Subgroup C: Tooth samples were immersed in fresh cow milk drink for 10 minutes three times daily at 1 hour intervals. They were previously stored in distal water. The incubation phase lasted 2 weeks in entire [28].

Microleakage Evaluation

Teeth were then submerged for 24 hours at room temperature in a 0.5% solution of basic fuchsine (0.5 gram powder dissolved in 100 ml distilled water). The samples were rinsed with running water; A nail varnish and the superficial pigment were dressed with a brush [27]. At about the center of the bracket a slow speed disk was used to part each tooth in a bucco lingual direction [16].

A light microscope was used to evaluate microleakage in millimeters at enamel adhesive contacts on the occlusal and gingival sides for all pieces. The same and other investigator randomly checked half of the samples for a second time to calculate the microleakage. We get no significant variations in microleakage ratings between the first and second measurments.

The following principles were used to score the work: [22]

Score 0: There is no dye penetration thru the adhesive-enamel contact.

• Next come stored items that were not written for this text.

lemma pure_decomp_reindex:
  assumes g: "bij_betw g J I" and P: "pure_decomp I VF EF V E vv FV FE ww TE"
  shows "pure_decomp J VF EF V E (vv \<circ> g) (FV \<circ> g) (FE \<circ> g) (ww \<circ> g) TE"
proof -
  have gJ: "g ` J = I" and inj: "inj_on g J" using g unfolding bij_betw_def by blast+
  have UN: "(\<Union>j\<in>J. h (g j)) = (\<Union>i\<in>I. h i)" for h :: "_ \<Rightarrow> 'x set"
    using gJ by blast
  have img: "(vv \<circ> g) ` J = vv ` I" by (simp only: image_comp[symmetric] gJ)
  have "inj_on (vv \<circ> g) J" using P inj gJ comp_inj_on unfolding pure_decomp_def by metis
  moreover have "g i \<noteq> g j" if "i \<in> J" "j \<in> J" "i \<noteq> j" for i j
    using inj that unfolding inj_on_def by blast
  ultimately show ?thesis
    using P gJ unfolding pure_decomp_def img UN[of "\<lambda>i. insert (vv i) (FV i)"]
      UN[of "\<lambda>i. insert {vv i, ww i} (FE i)"] by (simp add: image_subset_iff) blast
qed

section \<open>Isolating F inside one block\<close>

locale centred_pattern =
  fixes VF :: "'b set" and EF :: "'b set set" and u :: 'b
  assumes pattern_simple: "simple_graph VF EF"
    and centre: "u \<in> VF"
    and centre_adjacent: "\<And>x. x \<in> VF \<Longrightarrow> x \<noteq> u \<Longrightarrow> {u, x} \<in> EF"
    and pattern_edges_nonempty: "EF \<noteq> {}"
begin

lemma finite_pattern: "finite VF"
  using pattern_simple unfolding simple_graph_def by blast

lemma pattern_edge: "e \<in> EF \<Longrightarrow> e \<subseteq> VF \<and> card e = 2"
  using pattern_simple unfolding simple_graph_def by blast

lemma pattern_edges_Pow: "EF \<subseteq> Pow VF"
  using pattern_edge by blast

lemma pattern_has_neighbour:
  assumes "x \<in> VF"
  obtains x' where "x' \<in> VF" "x' \<noteq> x" "{x, x'} \<in> EF"
proof (cases "x = u")
  case True
  obtain e where "e \<in> EF" using pattern_edges_nonempty by blast
  then obtain a b where "{a, b} \<in> EF" "a \<noteq> b" using pattern_edge by (metis card_2_iff)
  then have "a \<in> VF" "b \<in> VF" using pattern_edge by auto
  then obtain x' where "x' \<in> VF" "x' \<noteq> u" using \<open>a \<noteq> b\<close> by metis
  then show thesis using that centre_adjacent True by blast
next
  case False
  then have "{x, u} \<in> EF" using centre_adjacent assms by (metis insert_commute)
  then show thesis using that centre False by blast
qed
definition isometric_configs :: "'a::euclidean_space set \<Rightarrow> 'a set \<Rightarrow> bool" where
  "isometric_configs X Y \<longleftrightarrow> (\<exists>f. orthogonal_transformation f \<and> f ` X = Y)"

definition fam :: "nat set set" where
  "fam = {{1,2,4,5}, {1,2,6,9}, {1,2,7,8}, {1,3,4,6}, {1,3,5,8}, {1,3,7,9},
          {1,4,8,9}, {1,5,6,7}, {2,3,4,7}, {2,3,5,6}, {2,3,8,9}, {2,4,6,8},
          {2,5,7,9}, {3,4,5,9}, {3,6,7,8}, {4,5,7,8}, {4,6,7,9}, {5,6,8,9}}"

definition confC :: "(real^9) set" where
  "confC = {x. (\<exists>j\<in>{1..9}. \<exists>s\<in>{-2, 2}. \<forall>i\<in>{1..9}. coord x i = (if i = j then s else 0))
             \<or> (\<exists>S\<in>fam. \<forall>i\<in>{1..9}. if i \<in> S then \<bar>coord x i\<bar> = 1 else coord x i = 0)}"

definition swap9 :: "9 \<Rightarrow> 9" where
  "swap9 k = (if k = of_nat 2 then of_nat 3 else if k = of_nat 3 then of_nat 2
              else if k = of_nat 4 then of_nat 7 else if k = of_nat 7 then of_nat 4 else k)"

definition sigma9 :: "real^9 \<Rightarrow> real^9" where
  "sigma9 x = (\<chi> k. x $ swap9 k)"

definition confC' :: "(real^9) set" where
  "confC' = (confC - {x \<in> confC. coord x 1 = 1}) \<union> sigma9 ` {x \<in> confC. coord x 1 = 1}"

end

theory Submission
  imports Defs
begin
definition is_inversion :: "('a::euclidean_space \<Rightarrow> 'a) \<Rightarrow> bool" where
  "is_inversion \<iota> \<longleftrightarrow>
     \<iota> 0 = 0 \<and>
     (\<forall>x. x \<noteq> 0 \<longrightarrow> \<iota> x \<noteq> 0 \<and> norm (\<iota> x) = 1 / norm x \<and> \<iota> (\<iota> x) = x) \<and>
     (\<forall>x y. x \<noteq> 0 \<longrightarrow> y \<noteq> 0 \<longrightarrow>
        dist (\<iota> x) (\<iota> y) = dist x y / (norm x * norm y))"

definition dirichlet :: "'a::euclidean_space set \<Rightarrow> 'a set" where
  "dirichlet Z = {x. \<forall>z\<in>Z. dist x 0 \<le> dist x z}"

definition is_boundary_choice :: "'a::euclidean_space set \<Rightarrow> 'a set \<Rightarrow> bool" where
  "is_boundary_choice Z K \<longleftrightarrow> K \<subseteq> dirichlet Z \<and> (\<forall>x. \<exists>!z. z \<in> Z \<and> x - z \<in> K)"

definition lat_floor :: "'a::euclidean_space set \<Rightarrow> 'a set \<Rightarrow> 'a \<Rightarrow> 'a" where
  "lat_floor Z K x = (THE z. z \<in> Z \<and> x - z \<in> K)"

definition cf_map :: "('a::euclidean_space \<Rightarrow> 'a) \<Rightarrow> 'a set \<Rightarrow> 'a set \<Rightarrow> 'a \<Rightarrow> 'a" where
  "cf_map \<iota> Z K x = (if x = 0 then 0 else \<iota> x - lat_floor Z K (\<iota> x))"

fun cylinder :: "('a::euclidean_space \<Rightarrow> 'a) \<Rightarrow> 'a set \<Rightarrow> 'a list \<Rightarrow> 'a set" where
  "cylinder \<iota> K [] = K"
| "cylinder \<iota> K (a # s) = K \<inter> \<iota> ` ((\<lambda>y. y + a) ` cylinder \<iota> K s)"

definition integral_lattice :: "'a::euclidean_space set \<Rightarrow> bool" where
  "integral_lattice Z \<longleftrightarrow> (\<forall>z\<in>Z. z \<bullet> z \<in> \<int>)"
definition pi_family :: "nat \<Rightarrow> nat \<Rightarrow> real \<Rightarrow> nat set \<Rightarrow> nat set set \<Rightarrow> nat set set set \<Rightarrow> real" where
  "pi_family n m p V E \<FF> = (\<Sum>\<C>\<in>\<FF>. pi_cover n m p V E \<C>)"

end

theory Submission
  imports Defs
begin

text \<open>
  Whether H is given by a cover in C_J(H) depends only on the traces S_a = {v \<in> V(H). v chose a}
  of the m independent attributes: no trace may be an edge e_j with j \<in> J, and every edge e_k must
  be served by some trace (a strict superset of e_k if k \<in> J, e_k itself otherwise).
  Inclusion-exclusion over the set K of unserved edges gives
  \<pi>(H, C_J(H)) = \<Sum>_K (-1)^|K| x_K^m, where x_K, the probability that a single trace avoids
  everything, is a polynomial in p that sees H only through the number of vertices covered by each
  set L \<subseteq> K \<inter> J of edges. For H = H_{i,I} that number depends on I only through L \<inter> I, so
  each label outside K \<inter> J makes the alternating sum over I vanish. For J \<noteq> \<I> this is the
  first claim; for J = \<I> only K = \<I> survives, leaving \<Sum>_I (-1)^|I| y_I^m. Expanding y^m to
  second order around y_\<emptyset> = (1 - p^2)^4, where |y_I - y_\<emptyset>| = O(p^3), bounds this by
  m^2 p^6 e^{-4mp^2} plus m e^{-4mp^2} |\<Sum>_I (-1)^|I| y_I|, and the last sum is an alternating sum
  of p^{|V(H_{i,I})|} over I, where H_{i,I} has at least 5 non-isolated vertices (4 for the
  4-cycle, i = 2).
\<close>

section \<open>Alternating sums and inclusion-exclusion\<close>

lemma sum_Pow_alternating_eq_0:
  fixes f :: "'a set \<Rightarrow> 'b::comm_ring_1"
  assumes "finite U" "a \<in> U" and insensitive: "\<And>I. I \<subseteq> U - {a} \<Longrightarrow> f (insert a I) = f I"
  shows "(\<Sum>I\<in>Pow U. (-1) ^ card I * f I) = 0"
proof -
  define W where "W = U - {a}"
  have U: "U = insert a W" "a \<notin> W" "finite W"
    using assms(1,2) by (auto simp: W_def)
  have "inj_on (insert a) (Pow W)"
    using U(2) by (intro inj_onI) (auto simp: insert_ident)
  then have "(\<Sum>I\<in>Pow U. (-1) ^ card I * f I)
      = (\<Sum>I\<in>Pow W. (-1) ^ card I * f I) + (\<Sum>I\<in>Pow W. (-1) ^ card (insert a I) * f (insert a I))"
    unfolding U(1) Pow_insert using U(2,3)
    by (subst sum.union_disjoint) (auto simp: sum.reindex)
  also have "(\<Sum>I\<in>Pow W. (-1) ^ card (insert a I) * f (insert a I)) = - (\<Sum>I\<in>Pow W. (-1) ^ card I * f I)"
    unfolding sum_negf[symmetric]
  proof (intro sum.cong refl)
    fix I assume "I \<in> Pow W"
    then have "finite I" "a \<notin> I" "I \<subseteq> U - {a}"
      using U(2,3) finite_subset by (auto simp: W_def)
    then show "(-1) ^ card (insert a I) * f (insert a I) = - ((-1) ^ card I * f I)"
      using insensitive by simp
  qed
  finally show ?thesis by simp
qed
(* Fix $a\in[0,\infty)$. For a function $G:[0,1]^2\to[0,1]$ the following are equivalent: (1) There exist a continuous and strictly increasing function $t:[0,1]\to[0,\infty]$ and a continuous and increasing function $s:[0,\infty]\to[0,1]$ such that $G(x,y)=s(t(x)+t(y))$ for all $x,y$, $G$ is a grouping function, and at least one of the following holds: (a) $t(x)=\frac{a}{2}$ if and only if $x=0$; (b) $s(x)=0$ if and only if $x\in[0,a]$. (2) $G$ is a grouping function and there exist a pseudo automorphism $\mathcal{F}$ and a strict t-conorm $S$ with $G(x,y)=\mathcal{F}(S(x,y))$ for all $(x,y)\in[0,1]^2$. (3) There exist a strictly increasing bijection $\varphi:[0,1]\to[0,1]$ and a pseudo automorphism $\mathcal{H}$ such that $G(x,y)=\mathcal{H}(\varphi(x)+\varphi(y)-\varphi(x)\varphi(y))$ for all $(x,y)\in[0,1]^2$.
   Context: "Increasing" means non-decreasing. Arithmetic in $[0,\infty]$ uses $c+\infty=\infty$; continuity on $[0,\infty]$ refers to the usual topology of the extended half-line. A grouping function is a map $G:[0,1]^2\to[0,1]$ that is (G1) commutative, (G2) $G(x,y)=0$ iff $x=y=0$, (G3) $G(x,y)=1$ iff $x=1$ or $y=1$, (G4) increasing in each variable, (G5) continuous. A pseudo automorphism is a continuous increasing map $\mathcal{F}:[0,1]\to[0,1]$ with $\mathcal{F}(x)=1$ iff $x=1$ and $\mathcal{F}(x)=0$ iff $x=0$. A t-conorm is a commutative, associative map $S:[0,1]^2\to[0,1]$, increasing in each variable, with $S(x,0)=x$; it is strict if it is continuous and strictly increasing on $[0,1)^2$ (i.e. $S(x,y)<S(x',y)$ whenever $y<1$ and $x<x'$). *)

theory Defs
  imports "HOL-Analysis.Analysis" "HOL-Library.Extended_Nonnegative_Real"
begin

Score 1: At the adhesive enamel contact, dye penetration is limited to 1 mm.

Score 2: At the adhesive enamel contact, dye infiltrates into the inner half (2 mm).

Score 3: At a depth of 3 mm, the dye penetrates the adhesive enamel contact.

Statistical Analyses

One-way ANOVA was used to evaluate the results, followed by Mann-Whitney U tests to compare group's means. Statistical significance was settled to be P ≤ 0.05.

RESULTS

A significant difference was discovered using (ANOVA) between all ICON treated teeth subgroups, although the comparisons in control subgroups (without ICON treatment), were revealed a significant difference. The Mann-Whitney U tests findings showed that the mean value differed significantly for ICON groups. The resin infiltrated group in deionized water had the lowest mean value of microleakage. There was the highest microleakage value in Coca Cola subgroup's than in control one when compared to the other subgroups, and there was a significant difference between all subgroups at P ≤ 0.05.

DISCUSSION

There was a significant difference between all subgroups (distal water, cocacola drink, cow milk) in both control and experimental groups.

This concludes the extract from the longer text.